* [Your assignment]: The word "image" marks the lines to find; copy every such line from the data below.

* [Records provided]:
(* Let $K$ be a totally ordered quasi-field of characteristic $1$ and let $P,Q\in K\{X_1,\dots,X_n\}$. If there exists an integer $m>0$ with $P^m=Q^m$, then $P=Q$.
   Context: A quasi-field of characteristic $1$ is a commutative semiring $K$ with $1+1=1$ in which every nonzero element is multiplicatively invertible; ordered by $u\le v$ iff $u+v=v$, totally ordered meaning the order is total. $K\{X_1,\dots,X_n\}$ is the image of $K[X_1,\dots,X_n]$ in its quasi-field of fractions, i.e. the quotient by $P\sim Q$ iff $RP=RQ$ for some nonzero $R$; it is a cancellative commutative semiring of characteristic $1$. *)

theory Defs
  imports "HOL-Library.Poly_Mapping"
begin

definition quasi_field_char1 :: "'a::comm_semiring_1 itself \<Rightarrow> bool" where
  "quasi_field_char1 _ \<longleftrightarrow> (1::'a) + 1 = 1 \<and> (\<forall>x::'a. x \<noteq> 0 \<longrightarrow> (\<exists>y. x * y = 1))"

definition qf_le :: "'a::comm_semiring_1 \<Rightarrow> 'a \<Rightarrow> bool" where
  "qf_le u v \<longleftrightarrow> u + v = v"

definition totally_ordered_qf :: "'a::comm_semiring_1 itself \<Rightarrow> bool" where
  "totally_ordered_qf T \<longleftrightarrow> quasi_field_char1 T \<and> (\<forall>u v::'a. qf_le u v \<or> qf_le v u)"

text \<open>Polynomials over K in variables X_0, X_1, ...: finitely supported maps from
  monomials (exponent vectors) to coefficients.\<close>

type_synonym 'a mpoly = "(nat \<Rightarrow>\<^sub>0 nat) \<Rightarrow>\<^sub>0 'a"

definition in_poly_ring :: "nat \<Rightarrow> 'a::comm_semiring_1 mpoly \<Rightarrow> bool" where
  "in_poly_ring n P \<longleftrightarrow> (\<forall>mo \<in> Poly_Mapping.keys P. Poly_Mapping.keys (mo::nat \<Rightarrow>\<^sub>0 nat) \<subseteq> {..<n})"

text \<open>Equality in K{X_1..X_n} (image in the quasi-field of fractions):
  P \<sim> Q iff R P = R Q for some nonzero R in K[X_1..X_n].\<close>

definition frac_eq :: "nat \<Rightarrow> 'a::comm_semiring_1 mpoly \<Rightarrow> 'a mpoly \<Rightarrow> bool" where
  "frac_eq n P Q \<longleftrightarrow> (\<exists>R. in_poly_ring n R \<and> R \<noteq> 0 \<and> R * P = R * Q)"

end

theory Submission
  imports Defs
begin

text \<open>
  In a commutative semiring of characteristic 1 (that is, with
  \<open>1 + 1 = 1\<close>) addition is idempotent, and the binomial expansion of \<open>(x + y)^(j+1)\<close>
  collapses to \<open>x^(j+1) + y (x + y)^j\<close>.  Consequently
  \<open>x (x + y)^(m-1) = x^m + x y (x + y)^(m-2)\<close>, an expression that is symmetric in
  \<open>x\<close> and \<open>y\<close> except for the summand \<open>x^m\<close>.  Hence \<open>R x^m = R y^m\<close> implies
  \<open>T x = T y\<close> for the multiplier \<open>T = R (x + y)^(m-1)\<close>.

  To apply this to polynomials we need \<open>T \<noteq> 0\<close>.  Over a quasi-field of
  characteristic 1 the coefficients have no zero divisors and are zero-sum-free, so a
  product of nonzero polynomials is nonzero: its coefficient at the sum of two
  exponents in the supports is a sum containing a nonzero term.
\<close>

lemma add_idem_char1:
  fixes x :: "'a::comm_semiring_1"
  assumes "(1::'a) + 1 = 1"
  shows "x + x = x"
proof -
  have "x + x = x * (1 + 1)" by (simp only: distrib_left mult_1_right)
  then show ?thesis using assms by simp
qed

lemma zero_sum_free_char1:
  fixes x y :: "'a::comm_semiring_1"
  assumes "(1::'a) + 1 = 1" and "x + y = 0"
  shows "x = 0"
proof -
  have "x = x + (x + y)" using assms(2) by simp
  also have "\<dots> = (x + x) + y" by (simp add: add.assoc)
  also have "\<dots> = 0" using add_idem_char1[OF assms(1)] assms(2) by simp
  finally show ?thesis .
qed

text \<open>The collapsed binomial formula: every monomial \<open>x^i y^(j+1-i)\<close> with \<open>i \<le> j\<close>
  already occurs in \<open>y (x + y)^j\<close>.\<close>

lemma power_sum_char1:
  fixes x y :: "'a::comm_semiring_1"
  assumes one: "(1::'a) + 1 = 1"
  shows "(x + y) ^ Suc j = x ^ Suc j + y * (x + y) ^ j"
proof (induction j)
  case 0
  then show ?case by simp
next
  case (Suc j)
  have absorb: "x ^ Suc j + (x + y) ^ Suc j = (x + y) ^ Suc j"
    using Suc add_idem_char1[OF one, of "x ^ Suc j"] by (simp add: add.assoc [symmetric])
  have "(x + y) ^ Suc (Suc j) = (x + y) * (x ^ Suc j + y * (x + y) ^ j)"
    using Suc by simp
  also have "\<dots> = x ^ Suc (Suc j) + y * (x ^ Suc j + (x + y) ^ Suc j)"
    by (simp add: algebra_simps)
  finally show ?case unfolding absorb .
qed

lemma power_cancel_char1:
  fixes R x y :: "'a::comm_semiring_1"
  assumes one: "(1::'a) + 1 = 1" and "m > 0" and eq: "R * x ^ m = R * y ^ m"
  shows "(R * (x + y) ^ (m - 1)) * x = (R * (x + y) ^ (m - 1)) * y"
proof (cases "m = 1")
  case True
  then show ?thesis using eq by simp
next
  case False
  then obtain k where m: "m = Suc (Suc k)"
    using \<open>m > 0\<close> by (metis One_nat_def Suc_pred not0_implies_Suc)
  have expand: "u * (u + v) ^ Suc k = u ^ m + u * v * (u + v) ^ k" for u v :: 'a
    unfolding m power_sum_char1[OF one] by (simp add: algebra_simps)
  have "(R * (x + y) ^ (m - 1)) * x = R * (x * (x + y) ^ Suc k)"
    by (simp add: m ac_simps)
  also have "\<dots> = R * x ^ m + R * (x * y * (x + y) ^ k)"
    unfolding expand by (rule distrib_left)
  also have "\<dots> = R * y ^ m + R * (y * x * (y + x) ^ k)"
    using eq by (simp add: ac_simps)
  also have "\<dots> = R * (y * (y + x) ^ Suc k)"
    unfolding expand by (rule distrib_left [symmetric])
  also have "\<dots> = (R * (x + y) ^ (m - 1)) * y"
    by (simp add: m ac_simps)
  finally show ?thesis .
qed

lemma quasi_field_no_zero_divisors:
  fixes x y :: "'a::comm_semiring_1"
  assumes "quasi_field_char1 TYPE('a)" and "x \<noteq> 0" and "y \<noteq> 0"
  shows "x * y \<noteq> 0"
proof
  assume xy: "x * y = 0"
  obtain z where "x * z = 1"
    using assms(1,2) unfolding quasi_field_char1_def by blast
  then have "y = z * (x * y)" by (metis mult.assoc mult.commute mult_1)
  then show False using xy \<open>y \<noteq> 0\<close> by simp
qed

lemma poly_mapping_one_add_one:
  assumes "(1::'a::comm_semiring_1) + 1 = 1"
  shows "(1::'b::comm_monoid_add \<Rightarrow>\<^sub>0 'a) + 1 = 1"
proof (rule poly_mapping_eqI)
  fix t
  show "Poly_Mapping.lookup (1 + 1 :: 'b \<Rightarrow>\<^sub>0 'a) t = Poly_Mapping.lookup 1 t"
    unfolding lookup_add by (rule add_idem_char1[OF assms])
qed

lemma Sum_any_nonzero_if_term_nonzero:
  fixes h :: "'b \<Rightarrow> 'a::comm_monoid_add"
  assumes zero_sum_free: "\<And>x y::'a. x + y = 0 \<Longrightarrow> x = 0"
    and fin: "finite {x. h x \<noteq> 0}" and nz: "h a \<noteq> 0"
  shows "Sum_any h \<noteq> 0"
proof
  assume "Sum_any h = 0"
  moreover have "Sum_any h = h a + sum h ({x. h x \<noteq> 0} - {a})"
    using fin nz by (simp add: Sum_any.expand_set sum.remove)
  ultimately show False using zero_sum_free nz by metis
qed

text \<open>Over a zero-sum-free coefficient semiring without zero divisors, the product of
  nonzero polynomials is nonzero: if \<open>a\<close>, \<open>b\<close> lie in the supports of \<open>f\<close>, \<open>g\<close>, the
  coefficient of \<open>f g\<close> at \<open>a + b\<close> is a sum containing the nonzero term \<open>f_a g_b\<close>.
  No order or cancellation on the monomials is required.\<close>

lemma mult_poly_mapping_nonzero:
  fixes f g :: "'b::comm_monoid_add \<Rightarrow>\<^sub>0 'a::comm_semiring_1"
  assumes zero_sum_free: "\<And>x y::'a. x + y = 0 \<Longrightarrow> x = 0"
    and no_zero_divisors: "\<And>x y::'a. x \<noteq> 0 \<Longrightarrow> y \<noteq> 0 \<Longrightarrow> x * y \<noteq> 0"
    and "f \<noteq> 0" and "g \<noteq> 0"
  shows "f * g \<noteq> 0"
proof -
  obtain a where a: "Poly_Mapping.lookup f a \<noteq> 0"
    using \<open>f \<noteq> 0\<close> by (auto simp: poly_mapping_eq_iff fun_eq_iff)
  obtain b where b: "Poly_Mapping.lookup g b \<noteq> 0"
    using \<open>g \<noteq> 0\<close> by (auto simp: poly_mapping_eq_iff fun_eq_iff)
  define inner where "inner l = (\<Sum>q. Poly_Mapping.lookup g q when a + b = l + q)" for l
  have "inner a \<noteq> 0"
    unfolding inner_def
  proof (rule Sum_any_nonzero_if_term_nonzero)
    show "\<And>x y::'a. x + y = 0 \<Longrightarrow> x = 0" by (fact zero_sum_free)
    show "finite {q. (Poly_Mapping.lookup g q when a + b = a + q) \<noteq> 0}"
      by (rule finite_subset[of _ "Poly_Mapping.keys g"]) (auto simp: in_keys_iff)
    show "(Poly_Mapping.lookup g b when a + b = a + b) \<noteq> 0" using b by simp
  qed
  then have term_nonzero: "Poly_Mapping.lookup f a * inner a \<noteq> 0"
    using a no_zero_divisors by blast
  have finite_support: "finite {l. Poly_Mapping.lookup f l * inner l \<noteq> 0}"
    by (rule finite_subset[of _ "Poly_Mapping.keys f"]) (auto simp: in_keys_iff)
  have "(\<Sum>l. Poly_Mapping.lookup f l * inner l) \<noteq> 0"
    using zero_sum_free finite_support term_nonzero by (rule Sum_any_nonzero_if_term_nonzero)
  then have "Poly_Mapping.lookup (f * g) (a + b) \<noteq> 0"
    by (simp add: lookup_mult inner_def)
  then show ?thesis by auto
qed

lemma power_poly_mapping_nonzero:
  fixes f :: "'b::comm_monoid_add \<Rightarrow>\<^sub>0 'a::comm_semiring_1"
  assumes "\<And>x y::'a. x + y = 0 \<Longrightarrow> x = 0"
    and "\<And>x y::'a. x \<noteq> 0 \<Longrightarrow> y \<noteq> 0 \<Longrightarrow> x * y \<noteq> 0"
    and "f \<noteq> 0"
  shows "f ^ k \<noteq> 0"
  by (induction k) (simp_all add: mult_poly_mapping_nonzero[OF assms(1,2,3)])

lemma in_poly_ring_add:
  assumes "in_poly_ring n A" and "in_poly_ring n B"
  shows "in_poly_ring n (A + B)"
  using assms keys_add[of A B] unfolding in_poly_ring_def by blast

lemma in_poly_ring_mult:
  assumes "in_poly_ring n A" and "in_poly_ring n B"
  shows "in_poly_ring n (A * B)"
  unfolding in_poly_ring_def
proof
  fix mo assume "mo \<in> Poly_Mapping.keys (A * B)"
  then obtain a b where "mo = a + b" "a \<in> Poly_Mapping.keys A" "b \<in> Poly_Mapping.keys B"
    using keys_mult by blast
  then show "Poly_Mapping.keys mo \<subseteq> {..<n}"
    using assms keys_add[of a b] unfolding in_poly_ring_def by (meson Un_least order_trans)
qed

lemma in_poly_ring_one: "in_poly_ring n 1"
  unfolding in_poly_ring_def by simp

lemma in_poly_ring_power:
  assumes "in_poly_ring n A"
  shows "in_poly_ring n (A ^ k)"
  by (induction k) (simp_all add: assms in_poly_ring_one in_poly_ring_mult)

lemma frac_eq_refl: "frac_eq n P P"
  unfolding frac_eq_def using in_poly_ring_one by fastforce

theorem lemma3p9:
  fixes P Q :: "'a::comm_semiring_1 mpoly" and n m :: nat
  assumes "totally_ordered_qf TYPE('a)"
    and "in_poly_ring n P" and "in_poly_ring n Q"
    and "m > 0"
    and "frac_eq n (P ^ m) (Q ^ m)"
  shows "frac_eq n P Q"
proof -
  have qf: "quasi_field_char1 TYPE('a)" and one: "(1::'a) + 1 = 1"
    using assms(1) unfolding totally_ordered_qf_def quasi_field_char1_def by auto
  have poly_one: "(1::'a mpoly) + 1 = 1" by (rule poly_mapping_one_add_one[OF one])
  obtain R where R: "in_poly_ring n R" "R \<noteq> 0" "R * P ^ m = R * Q ^ m"
    using assms(5) unfolding frac_eq_def by blast
  define T where "T = R * (P + Q) ^ (m - 1)"
  have cancel: "T * P = T * Q"
    unfolding T_def by (rule power_cancel_char1[OF poly_one assms(4) R(3)])
  show ?thesis
  proof (cases "P + Q = 0")
    case True
    then have "P = 0" and "Q = 0"
      using zero_sum_free_char1[OF poly_one] by (metis add.commute)+
    then show ?thesis by (simp add: frac_eq_refl)
  next
    case False
    have "T \<noteq> 0"
      unfolding T_def
      using zero_sum_free_char1[OF one] quasi_field_no_zero_divisors[OF qf] R(2) False
      by (intro mult_poly_mapping_nonzero power_poly_mapping_nonzero)
    moreover have "in_poly_ring n T"
      unfolding T_def using R(1) assms(2,3)
      by (intro in_poly_ring_mult in_poly_ring_power in_poly_ring_add)
    ultimately show ?thesis using cancel unfolding frac_eq_def by blast
  qed
qed

end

* [Final answer]:
   Context: A quasi-field of characteristic $1$ is a commutative semiring $K$ with $1+1=1$ in which every nonzero element is multiplicatively invertible; ordered by $u\le v$ iff $u+v=v$, totally ordered meaning the order is total. $K\{X_1,\dots,X_n\}$ is the image of $K[X_1,\dots,X_n]$ in its quasi-field of fractions, i.e. the quotient by $P\sim Q$ iff $RP=RQ$ for some nonzero $R$; it is a cancellative commutative semiring of characteristic $1$. *)
text \<open>Equality in K{X_1..X_n} (image in the quasi-field of fractions):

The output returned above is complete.